■ What you have to do ■
Starting with the line that contains "Context: A semilattice", copy every remaining line of the data below exactly, the last one included.

[[ Dataset records open ]]

(* Let $A\overset{i}{\to}U\overset{j}{\to}G$ be an extension of a semilattice of groups $A$ by a group $G$, and let $S$ be an inverse semigroup with epimorphisms $\pi:U\to S$, $\kappa:S\to G$ such that $A\overset{i}{\to}U\overset{\pi}{\to}S$ is an extension of $A$ by $S$ and $j=\kappa\circ\pi$ (so that the fibres $\kappa^{-1}(x)$ are exactly the $\sigma$-classes of $S$). Then for $x\in G$, the $\sigma$-class $\kappa^{-1}(x)$ has a maximum element (with respect to the natural partial order of $S$) if and only if $j^{-1}(x)=u_x\,i(A)$ for some $u_x\in j^{-1}(x)$.
   Context: A semilattice of groups is an inverse semigroup whose idempotents are central. An extension of $A$ by a group $G$ is an inverse semigroup $U$ with a monomorphism $i:A\to U$ and an epimorphism $j:U\to G$ with $i(A)=j^{-1}(1)$. An extension of $A$ by an inverse semigroup $S$ is an inverse semigroup $U$ with a monomorphism $i:A\to U$ and an idempotent-separating epimorphism $\pi:U\to S$ with $i(A)=\pi^{-1}(E(S))$. $\sigma$ is the minimum group congruence on $S$ ($(s,t)\in\sigma$ iff $es=et$ for some $e\in E(S)$). *)

theory Defs
  imports "HOL-Algebra.Group"
begin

[[ Dataset records closed ]]

■ Result of the task ■
   Context: A semilattice of groups is an inverse semigroup whose idempotents are central. An extension of $A$ by a group $G$ is an inverse semigroup $U$ with a monomorphism $i:A\to U$ and an epimorphism $j:U\to G$ with $i(A)=j^{-1}(1)$. An extension of $A$ by an inverse semigroup $S$ is an inverse semigroup $U$ with a monomorphism $i:A\to U$ and an idempotent-separating epimorphism $\pi:U\to S$ with $i(A)=\pi^{-1}(E(S))$. $\sigma$ is the minimum group congruence on $S$ ($(s,t)\in\sigma$ iff $es=et$ for some $e\in E(S)$). *)

theory Defs
  imports "HOL-Algebra.Group"
begin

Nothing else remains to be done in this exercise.